Xu et al. developed dynamic product distribution on CoPc derivative catalysts based on the GC-DFT method.¹⁰⁶ Their study identified CoPc functionalized with a strong electron-donating dimethylamino (–NMe₂) group anchored on carbon nanotubes (CoPc-NMe₂@CNT) as a promising catalyst that achieves high MeOH selectivity and good durability. Dynamic product distribution analysis revealed that the hydrogenated forms of the catalyst (H₂-CoPc-NMe₂@CNT and H₄-CoPc-NMe₂@CNT) maintain high MeOH selectivity, driven by a –NMe₂ induced potential shift that optimizes intermediate stabilization. Besides, HER suppression was attributed to ligand hydrogenation, which weakens charge transfer from the cobalt center to adsorbed hydrogen atoms, thereby hindering H adsorption (Fig. 9(c–e)). This mechanism reveals the critical role of substituent-driven electronic modulation in balancing selectivity and stability. By correlating substituent effects with reaction dynamics, this work highlights the promise of strong electron-donating groups in CO₂ electroreduction, offering important insights for advanced heterogeneous CoPc-based systems.

3.2 Ab initio molecular dynamics (AIMD)

AIMD was first developed by Car and Parrinello,¹⁰⁷ and is used to model and understand the dynamic behaviors of atoms and electrons at the electrode–electrolyte interface under realistic conditions, providing mechanistic insights for catalyst design. Since AIMD is fundamentally limited by computational cost and timescale, a range of statistical and enhanced sampling methods have been developed to efficiently explore rare events and compute free energy surfaces, which are crucial for understanding reaction mechanisms.

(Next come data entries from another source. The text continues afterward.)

(* A third-order recurrence with coefficient c >= 4 started by negative values that at
   least double in size keeps doubling, hence never vanishes. *)
lemma recurrence_stays_negative:
  fixes r :: "nat \<Rightarrow> real" and c :: real
  assumes rec: "\<And>k. r (Suc (Suc (Suc k))) = c * (r (Suc (Suc k)) - r (Suc k)) + r k"
    and c: "4 \<le> c"
    and init: "r 0 < 0" "r (Suc 0) \<le> 2 * r 0" "r (Suc (Suc 0)) \<le> 2 * r (Suc 0)"
  shows "r k < 0"
proof -
  have "r k < 0 \<and> r (Suc k) \<le> 2 * r k \<and> r (Suc (Suc k)) \<le> 2 * r (Suc k)"
  proof (induction k)
    case 0
    show ?case using init by blast
  next
    case (Suc k)
    then have IH: "r k < 0" "r (Suc k) \<le> 2 * r k" "r (Suc (Suc k)) \<le> 2 * r (Suc k)"
      by simp_all
    then have decreasing: "r (Suc (Suc k)) - r (Suc k) \<le> 0" by linarith
    have "c * (r (Suc (Suc k)) - r (Suc k)) \<le> 4 * (r (Suc (Suc k)) - r (Suc k))"
      using mult_right_mono_neg [OF c decreasing] .
    then have "r (Suc (Suc (Suc k))) \<le> 4 * (r (Suc (Suc k)) - r (Suc k)) + r k"
      unfolding rec [of k] by (rule add_right_mono)
    then have "r (Suc (Suc (Suc k))) \<le> 2 * r (Suc (Suc k))"
      using IH by argo
    with IH show ?case by linarith
  qed
  then show ?thesis by blast
qed

(* The candidate w^2 + 2w - 7 is excluded over R instead:
   at its root -1 - 2 sqrt 2 the recurrence coefficient x^2 - 1 = 8 + 4 sqrt 2 is at
   least 4, which keeps the values negative forever. *)
lemma no_factor_w2_plus_2w_minus_7: "\<not> [:-7, 2, 1:] dvd qseq k"
proof
  assume dvd: "[:-7, 2, 1:] dvd qseq k"
  define \<theta> :: real where "\<theta> = -1 - 2 * sqrt 2"
  have "poly (map_poly of_int [:-7, 2, 1:]) \<theta> = 0"
    by (simp add: \<theta>_def map_poly_pCons algebra_simps sqrt2_twice)
  with dvd have "qval \<theta> k = 0" by (rule qval_root)
  moreover have "qval \<theta> k < 0"
  proof (rule recurrence_stays_negative)
    show "qval \<theta> (Suc (Suc (Suc j))) =
        (\<theta>^2 - 1) * (qval \<theta> (Suc (Suc j)) - qval \<theta> (Suc j)) + qval \<theta> j" for j
      by (rule qval_rec)
    have "0 \<le> sqrt 2" by simp
    moreover have "\<theta>^2 - 1 = 8 + 4 * sqrt 2"
      by (simp add: \<theta>_def power2_eq_square algebra_simps sqrt2_twice)
    moreover have "qval \<theta> 0 = -43 - 30 * sqrt 2" "qval \<theta> (Suc 0) = -544 - 384 * sqrt 2"
      "qval \<theta> (Suc (Suc 0)) = -6843 - 4838 * sqrt 2"
      by (simp_all add: qval_initial \<theta>_def power_mult_distrib algebra_simps eval_nat_numeral
          sqrt2_twice)
    ultimately show "4 \<le> \<theta>^2 - 1" "qval \<theta> 0 < 0" "qval \<theta> (Suc 0) \<le> 2 * qval \<theta> 0"
      "qval \<theta> (Suc (Suc 0)) \<le> 2 * qval \<theta> (Suc 0)"
      by linarith+
  qed
  ultimately show False by simp
qed

lemma no_odd_quadratic_factor:
  fixes a b :: int
  assumes "even a" "odd b"
  shows "\<not> [:b, a, 1:] dvd qseq k"
proof
  assume dvd: "[:b, a, 1:] dvd qseq k"
  have "k mod 6 \<in> {0, 2, 3, 5} \<or> k mod 6 = 1 \<or> k mod 6 = 4" by simp presburger
  then consider "k mod 6 \<in> {0, 2, 3, 5}" | (r1) "k mod 6 = 1" | (r4) "k mod 6 = 4" by blast
  then show False
  proof cases
    case 1
    with dvd show False using parity_obstruction [OF assms] by simp
  next
    case r1
    with residue_candidates [OF assms dvd] have "(a, b) \<in> set (candidates 9)" by simp
    then have "(a, b) \<in> fst ` set table1" by (rule subsetD [OF candidates_covered(1)])
    with dvd show False using certified_excludes [of k] table1_certified r1 by simp
  next
    case r4
    with residue_candidates [OF assms dvd] have "(a, b) \<in> set (candidates 7)" by simp
    then have "(a, b) \<in> insert (2, -7) (fst ` set table4)"
      by (rule subsetD [OF candidates_covered(2)])
    with dvd show False
      using certified_excludes [of k] table4_certified r4 no_factor_w2_plus_2w_minus_7 by auto
  qed
qed

lemma monic_quadratic_eq:
  fixes f :: "'a::comm_ring_1 poly"
  assumes "degree f = 2" "lead_coeff f = 1"
  shows "f = [:coeff f 0, coeff f 1, 1:]"
proof (rule poly_eqI)
  fix i
  show "coeff f i = coeff [:coeff f 0, coeff f 1, 1:] i"
    using assms by (cases i; cases "i - 1"; cases "i - 2")
      (auto simp: coeff_pCons coeff_eq_0 numeral_2_eq_2)
qed
(* Let $1\le k<N/2$. There is a quantum algorithm that, for every unknown $x\in\{0,1\}^N$ with $wt(x)=k$, finds $x$ with bounded error using $O(k^{1/4})$ queries to the quasi B-oracle for $x$.
   Context: For $x,q\in\{0,1\}^N$ let $x\wedge q$ be the bitwise AND and $wt$ the Hamming weight. The quasi B-oracle is a stochastic oracle with random answer $\zeta(x;q)\in\{0,1\}$ where $\Pr[\zeta(x;q)=0]=0$ if $wt(x\wedge q)$ is odd, $\Pr[\zeta(x;q)=0]=\sqrt{1/wt(x\wedge q)}$ if $wt(x\wedge q)$ is positive and even, and $\Pr[\zeta(x;q)=0]=1$ if $wt(x\wedge q)=0$. It is accessed through the unitary $\tilde O_x|q,a,z\rangle=\sqrt{\Pr[\zeta(x;q)=0]}\,|q,a,z\rangle+(-1)^a\sqrt{\Pr[\zeta(x;q)=1]}\,|q,a\oplus1,z\rangle$, where $a$ is a one-bit answer register and $z$ a workspace register. (It models a balance where the weighed coin set $\{i:q_i=1\}$ is split between the two pans uniformly at random.) Bounded error: output equals $x$ with probability at least a constant such as $2/3$. *)

theory Defs
  imports Complex_Main
begin

text \<open>An input x \<in> {0,1}^N is represented by the set of indices i < N with x_i = 1;
  likewise a query string q. Then wt(x \<and> q) = card (x \<inter> q).
  Basis states are triples (q, a, z): query register q \<subseteq> {..<N}, one-bit answer
  register a, workspace register z < W.\<close>

type_synonym basis = "nat set \<times> bool \<times> nat"
type_synonym qstate = "basis \<Rightarrow> complex"
type_synonym qmatrix = "basis \<Rightarrow> basis \<Rightarrow> complex"  (* M b' b = <b'|M|b> *)

definition Basis :: "nat \<Rightarrow> nat \<Rightarrow> basis set" where
  "Basis N W = {(q, a, z). q \<subseteq> {..<N} \<and> z < W}"

definition apply_mat :: "nat \<Rightarrow> nat \<Rightarrow> qmatrix \<Rightarrow> qstate \<Rightarrow> qstate" where
  "apply_mat N W M \<psi> = (\<lambda>b'. \<Sum>b\<in>Basis N W. M b' b * \<psi> b)"

definition is_unitary :: "nat \<Rightarrow> nat \<Rightarrow> qmatrix \<Rightarrow> bool" where
  "is_unitary N W M \<longleftrightarrow>
     (\<forall>b1\<in>Basis N W. \<forall>b2\<in>Basis N W.
        (\<Sum>b\<in>Basis N W. cnj (M b b1) * M b b2) = (if b1 = b2 then 1 else 0))"

definition prob0 :: "nat set \<Rightarrow> nat set \<Rightarrow> real" where
  "prob0 x q = (let w = card (x \<inter> q) in
      if w = 0 then 1 else if odd w then 0 else sqrt (1 / real w))"

definition quasiB :: "nat set \<Rightarrow> qmatrix" where
  "quasiB x = (\<lambda>(q', a', z') (q, a, z).
     if q' = q \<and> z' = z then
       (if a' = a then complex_of_real (sqrt (prob0 x q))
        else (if a then -1 else 1) * complex_of_real (sqrt (1 - prob0 x q)))
     else 0)"

text \<open>Running U_0, O, U_1, O, ..., O, U_T on a state (T = length Us - 1 oracle calls).\<close>
fun run :: "nat \<Rightarrow> nat \<Rightarrow> nat set \<Rightarrow> qmatrix list \<Rightarrow> qstate \<Rightarrow> qstate" where
  "run N W x [] \<psi> = \<psi>"
| "run N W x [U] \<psi> = apply_mat N W U \<psi>"
| "run N W x (U # V # Us) \<psi> =
     run N W x (V # Us) (apply_mat N W (quasiB x) (apply_mat N W U \<psi>))"

definition init_state :: qstate where
  "init_state = (\<lambda>b. if b = ({}, False, 0) then 1 else 0)"

definition success_prob ::
  "nat \<Rightarrow> nat \<Rightarrow> qmatrix list \<Rightarrow> (basis \<Rightarrow> nat set) \<Rightarrow> nat set \<Rightarrow> real" where
  "success_prob N W Us out x =
     (\<Sum>b\<in>Basis N W. if out b = x then (cmod (run N W x Us init_state b))\<^sup>2 else 0)"

end

theory Submission
  imports Defs
begin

Among these approaches, thermodynamic integration (TI) is a rigorous approach for determining free energy differences between states by integrating the ensemble-averaged derivative of the Hamiltonian along a coupling parameter (λ).¹⁰⁸ These simulations are typically conducted with temperature control provided by the Nosé–Hoover thermostat, which maintains the system at constant temperature and ensures sampling within the canonical ensemble.^109,110 The slow-growth method represents a typical case of TI, in which λ is incrementally varied during a single trajectory, with the accumulated work providing an estimate of the free energy difference.¹¹¹ For those reaction processes described by a specific reaction coordinate, blue-moon sampling constrains the system along this coordinate, employing algorithms such as SHAKE to maintain the constraint, yielding accurate potential of mean force (PMF) profiles.^112,113 Umbrella sampling¹¹⁴ and metadynamics¹¹⁵ are further enhanced sampling strategies: umbrella sampling applies biasing potentials to allow sampling of rarely visited regions along a known reaction coordinate, while metadynamics adds history-dependent bias to collective variables (CVs) to escape local minima and reconstruct multidimensional free energy landscapes. The selection of a suitable method depends on the system, the reaction pathway of interest, and the nature of the process. These methodologies, when combined with AIMD, enable detailed exploration of reaction mechanisms and energetics at electrode–electrolyte interfaces, providing both atomic-level insight and quantitative predictions that guide experimental catalyst development (Table 2).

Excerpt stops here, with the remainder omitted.